Vertical growth or territorial expansion: Catalonia's dilemma to avoid housing collapse
A study warns about the bottleneck in urban regeneration due to its costs and slowness
BarcelonaThe bursting of the housing bubble in 2008 left a housing surplus in Catalonia: there were too many empty apartments and unfinished houses. This surplus compensated for the lack of new construction until 2013. Since then, housing production has consistently fallen short of new construction, resulting in a chronic deficit. Furthermore, Catalonia has been at the bottom of the list in Spain for private housing production for twelve years, despite being one of the regions with the highest population growth. Now, this shortfall, which largely explains the current housing crisis, is beginning to reverse, but Catalonia still produces far fewer homes—almost 14,000 per year—than its estimated net increase until 2037—around 25,000 per year—according to the 2010 Sectoral Territorial Plan.
Furthermore, this reality now clashes with the urban planning model that emerged after the housing bubble, which focuses on generating housing through urban regeneration—that is, building within urban land. The goal of all this is to generate sufficient and adequate housing without damaging, from a sustainability perspective, a scarce resource like land. But it is a slow, costly process with several bottlenecks. A hypothetical case would be transforming a city block with four low-rise buildings, a workshop, and a parking lot, for example. This would likely require demolishing buildings and constructing new ones, which would involve reaching agreements with various property owners—those of the apartments, the workshop, and the parking lot—relocating and compensating the residents, and carrying out numerous procedures and processes.
The bottleneck of the POUMs
This is one of the conclusions of the eighth policy brief Published by the Housing and Future Business Chair at Pompeu Fabra University (UPF) and the Association of Developers and Builders of Catalonia (APCE), the report, authored by Agustí Jover, Miquel Morell, and Marc Gras, highlights Catalonia's housing deficit and, in particular, the difficulties presented by urban planning, which, for sustainability reasons, tends to concentrate housing potential in urban areas. However, public initiative is limited (18% of areas), and most of the transformation falls to the private sector. In fact, this sustainable urbanism has been implemented through Municipal Urban Development Plans (POUMs), and the authors of the study have now analyzed nine new-generation plans—approved between 2009 and 2023—belonging to medium-sized cities. At an aggregate level, 55% of the country's housing potential lies in urban land (UL) areas and 45% in areas of limited developable land (UDL), but the costs of urban development in urban land (UL) are between 1.46 and 1.83 times higher than those of expansion in sprawl (UDL). All of this leads the authors to question the public commitment.

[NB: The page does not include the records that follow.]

(* Let $\mathcal{H}$ be a complex separable Hilbert space with orthonormal basis $\{e_n\}_{n=1}^\infty$, and let $W \in \mathcal{B}(\mathcal{H})$ be the unilateral forward weighted shift $W e_n = w_n e_{n+1}$ with bounded weight sequence $(w_n)_n$ satisfying $\inf_n |w_n| > 0$. Then $W$ does not lie in the norm closure of $\mathfrak{c}(\mathrm{nil}_2) := \{MN - NM : M, N \in \mathcal{B}(\mathcal{H}),\ M^2 = 0 = N^2\}$. *)

theory Defs
  imports "HOL-Analysis.Analysis"
begin

text \<open>Concrete model of the complex separable (infinite-dimensional) Hilbert space:
  H = l^2(nat, complex), with orthonormal basis e_n = indicator of n (0-indexed).\<close>

type_synonym vec = "nat \<Rightarrow> complex"

definition l2 :: "vec set" where
  "l2 = {x. summable (\<lambda>n. (cmod (x n))\<^sup>2)}"

definition l2norm :: "vec \<Rightarrow> real" where
  "l2norm x = sqrt (\<Sum>n. (cmod (x n))\<^sup>2)"

text \<open>Bounded (complex-linear) operators on l2; only their action on l2 matters.\<close>
definition bounded_op :: "(vec \<Rightarrow> vec) \<Rightarrow> bool" where
  "bounded_op T \<longleftrightarrow>
     (\<forall>x\<in>l2. T x \<in> l2) \<and>
     (\<forall>x\<in>l2. \<forall>y\<in>l2. T (\<lambda>n. x n + y n) = (\<lambda>n. T x n + T y n)) \<and>
     (\<forall>x\<in>l2. \<forall>c::complex. T (\<lambda>n. c * x n) = (\<lambda>n. c * T x n)) \<and>
     (\<exists>C. \<forall>x\<in>l2. l2norm (T x) \<le> C * l2norm x)"

definition opnorm :: "(vec \<Rightarrow> vec) \<Rightarrow> real" where
  "opnorm T = Sup {l2norm (T x) | x. x \<in> l2 \<and> l2norm x \<le> 1}"

text \<open>Unilateral forward weighted shift W e_n = w_n e_(n+1).\<close>
definition wshift :: "(nat \<Rightarrow> complex) \<Rightarrow> vec \<Rightarrow> vec" where
  "wshift w x = (\<lambda>n. if n = 0 then 0 else w (n - 1) * x (n - 1))"

definition commutator :: "(vec \<Rightarrow> vec) \<Rightarrow> (vec \<Rightarrow> vec) \<Rightarrow> vec \<Rightarrow> vec" where
  "commutator M N x = (\<lambda>n. M (N x) n - N (M x) n)"

definition square_zero :: "(vec \<Rightarrow> vec) \<Rightarrow> bool" where
  "square_zero M \<longleftrightarrow> (\<forall>x\<in>l2. M (M x) = (\<lambda>n. 0))"

definition in_closure_c_nil2 :: "(vec \<Rightarrow> vec) \<Rightarrow> bool" where
  "in_closure_c_nil2 T \<longleftrightarrow>
     (\<forall>\<epsilon>>0. \<exists>M N. bounded_op M \<and> bounded_op N \<and> square_zero M \<and> square_zero N \<and>
        opnorm (\<lambda>x n. T x n - commutator M N x n) < \<epsilon>)"

end

theory Submission
  imports Defs
begin

(* Let delta = inf |w n| and suppose W is within epsilon < delta/2 of T = MN - NM with M^2 = 0 = N^2.
   Since W is bounded below by delta and has the left inverse z \<mapsto> (z (n+1) / w n), a
   Neumann series shows that T is injective and that its range is complemented by the line
   through e_0, which T itself misses.  Both M and N anticommute with T, and a square-zero
   operator anticommuting with such a T maps everything into the range of T.  Writing
   M e_0 = T b and N e_0 = T a then gives T e_0 = T (N b - M a), so e_0 = N b - M a lies in
   the range of T: a contradiction. *)

section \<open>Square-summable sequences\<close>

lemma l2norm_nonneg: "x \<in> l2 \<Longrightarrow> 0 \<le> l2norm x"
  unfolding l2norm_def l2_def by (simp add: suminf_nonneg)

lemma l2norm_power2: "x \<in> l2 \<Longrightarrow> (l2norm x)\<^sup>2 = (\<Sum>n. (cmod (x n))\<^sup>2)"
  unfolding l2norm_def l2_def by (simp add: suminf_nonneg)

lemma partial_sum_le_l2norm_power2: "x \<in> l2 \<Longrightarrow> (\<Sum>n<N. (cmod (x n))\<^sup>2) \<le> (l2norm x)\<^sup>2"
  unfolding l2norm_power2 by (auto simp: l2_def intro!: sum_le_suminf)

lemma L2_set_le_l2norm: "x \<in> l2 \<Longrightarrow> L2_set (\<lambda>n. cmod (x n)) {..<N} \<le> l2norm x"
  unfolding L2_set_def
  by (metis l2norm_nonneg partial_sum_le_l2norm_power2 real_sqrt_le_mono real_sqrt_unique)

lemma norm_le_l2norm: "x \<in> l2 \<Longrightarrow> cmod (x n) \<le> l2norm x"
proof -
  assume x: "x \<in> l2"
  have "(cmod (x n))\<^sup>2 \<le> (\<Sum>m<Suc n. (cmod (x m))\<^sup>2)"
    by (rule member_le_sum) auto
  also have "\<dots> \<le> (l2norm x)\<^sup>2" by (rule partial_sum_le_l2norm_power2[OF x])
  finally show ?thesis by (rule power2_le_imp_le[OF _ l2norm_nonneg[OF x]])
qed

lemma l2I_partial_sums:
  assumes "0 \<le> B" "\<And>N. (\<Sum>n<N. (cmod (x n))\<^sup>2) \<le> B\<^sup>2"
  shows "x \<in> l2 \<and> l2norm x \<le> B"
proof -
  have summable: "summable (\<lambda>n. (cmod (x n))\<^sup>2)"
  proof (rule bounded_imp_summable)
    show "(\<Sum>k\<le>n. (cmod (x k))\<^sup>2) \<le> B\<^sup>2" for n
      unfolding lessThan_Suc_atMost[symmetric] by (rule assms(2))
  qed simp
  have "(\<Sum>n. (cmod (x n))\<^sup>2) \<le> B\<^sup>2" by (rule suminf_le_const[OF summable assms(2)])
  then show ?thesis
    using summable assms(1) real_sqrt_le_mono unfolding l2_def l2norm_def by fastforce
qed

lemma l2I_L2_set:
  assumes "0 \<le> B" "\<And>N. L2_set (\<lambda>n. cmod (x n)) {..<N} \<le> B"
  shows "x \<in> l2 \<and> l2norm x \<le> B"
proof (rule l2I_partial_sums[OF assms(1)])
  fix N
  have "sqrt (\<Sum>n<N. (cmod (x n))\<^sup>2) \<le> B" using assms(2)[of N] unfolding L2_set_def .
  then show "(\<Sum>n<N. (cmod (x n))\<^sup>2) \<le> B\<^sup>2"
    by (rule sqrt_le_D)
qed

lemma l2_zero: "(\<lambda>n. 0) \<in> l2"
  unfolding l2_def by simp

lemma l2norm_zero: "l2norm (\<lambda>n. 0) = 0"
  unfolding l2norm_def by simp

lemma l2norm_eq_0_imp: "x \<in> l2 \<Longrightarrow> l2norm x = 0 \<Longrightarrow> x = (\<lambda>n. 0)"
  using norm_le_l2norm by fastforce

lemma l2_add:
  assumes "x \<in> l2" "y \<in> l2"
  shows "(\<lambda>n. x n + y n) \<in> l2 \<and> l2norm (\<lambda>n. x n + y n) \<le> l2norm x + l2norm y"
proof (rule l2I_L2_set)
  show "0 \<le> l2norm x + l2norm y" using assms l2norm_nonneg by simp
  fix N
  have "L2_set (\<lambda>n. cmod (x n + y n)) {..<N} \<le> L2_set (\<lambda>n. cmod (x n)) {..<N} + L2_set (\<lambda>n. cmod (y n)) {..<N}"
    by (rule order.trans[OF L2_set_mono L2_set_triangle_ineq]) (auto simp: norm_triangle_ineq)
  then show "L2_set (\<lambda>n. cmod (x n + y n)) {..<N} \<le> l2norm x + l2norm y"
    using L2_set_le_l2norm[OF assms(1), of N] L2_set_le_l2norm[OF assms(2), of N] by linarith
qed

lemma l2_scale:
  assumes "x \<in> l2"
  shows "(\<lambda>n. c * x n) \<in> l2 \<and> l2norm (\<lambda>n. c * x n) = cmod c * l2norm x"
proof -
  have summable: "summable (\<lambda>n. (cmod (x n))\<^sup>2)" using assms unfolding l2_def by simp
  have eq: "(\<lambda>n. (cmod (c * x n))\<^sup>2) = (\<lambda>n. (cmod c)\<^sup>2 * (cmod (x n))\<^sup>2)"
    by (simp add: norm_mult power_mult_distrib)
  have "summable (\<lambda>n. (cmod (c * x n))\<^sup>2)"
    unfolding eq by (rule summable_mult[OF summable])
  moreover have "(\<Sum>n. (cmod (c * x n))\<^sup>2) = (cmod c)\<^sup>2 * (\<Sum>n. (cmod (x n))\<^sup>2)"
    unfolding eq by (rule suminf_mult[OF summable])
  ultimately show ?thesis unfolding l2_def l2norm_def by (simp add: real_sqrt_mult)
qed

"We are creating a model where we want everything without an efficient instrumental framework," says Jover. "The message of the policy brief "If the future of addressing the chronic housing deficit involves generating housing on urban land, beyond densification, then we must innovate with new tools," agrees Miquell Morell, who advocates for instruments that overcome property fragmentation and reduce costs. "Growing vertically is a good idea. It's not being considered. We're at a point where we have a serious problem, and we must address it. The debate on densification and vertical growth of the urban fabric must be addressed at all costs," adds Jover. In fact, while a developable land sector (DLS) can generate, on average, about 368 homes, urban renewal projects operate with what the authors call a "large small," which on average can generate 9 (4) 368 DLS.
Densify or urbanize
However, the report warns that "simply looking at the urban fabric is not enough" to solve the housing deficit, since the scale of the surgical intervention required in the consolidated city lacks the impact offered by new expansion areas. According to the data collected, areas designated for development are much more likely to be developed than those on urban land, which often remain stuck for decades in the Urban Development Plan (POUM) documents.
"Both things have to be done simultaneously; it's very difficult without public leadership, without an active administration," explains architect and former director of Incasòl, Maria Sisternas, to ARA. She advocates for empowering urban planning departments and revitalizing municipal public housing developers. "The idea that people need to stay is based on the fact that in London, a city with low-rise buildings, very accustomed to Victorian houses, one in seven new homes is in buildings of more than twenty stories. This is what is happening in Europe," she concludes.
"The responsibility lies with the municipalities; nobody wants to be the first to increase density. Either we occupy more land or we look to the sky. I don't want to be misunderstood: growth is possible without 25-story skyscrapers. The authorities must accept this. There is resistance from towns that have had many tall buildings," he says, adding that the debate isn't just about housing. "Mobility is key. I don't know how long it's been since an infrastructure plan was implemented in that country," he says.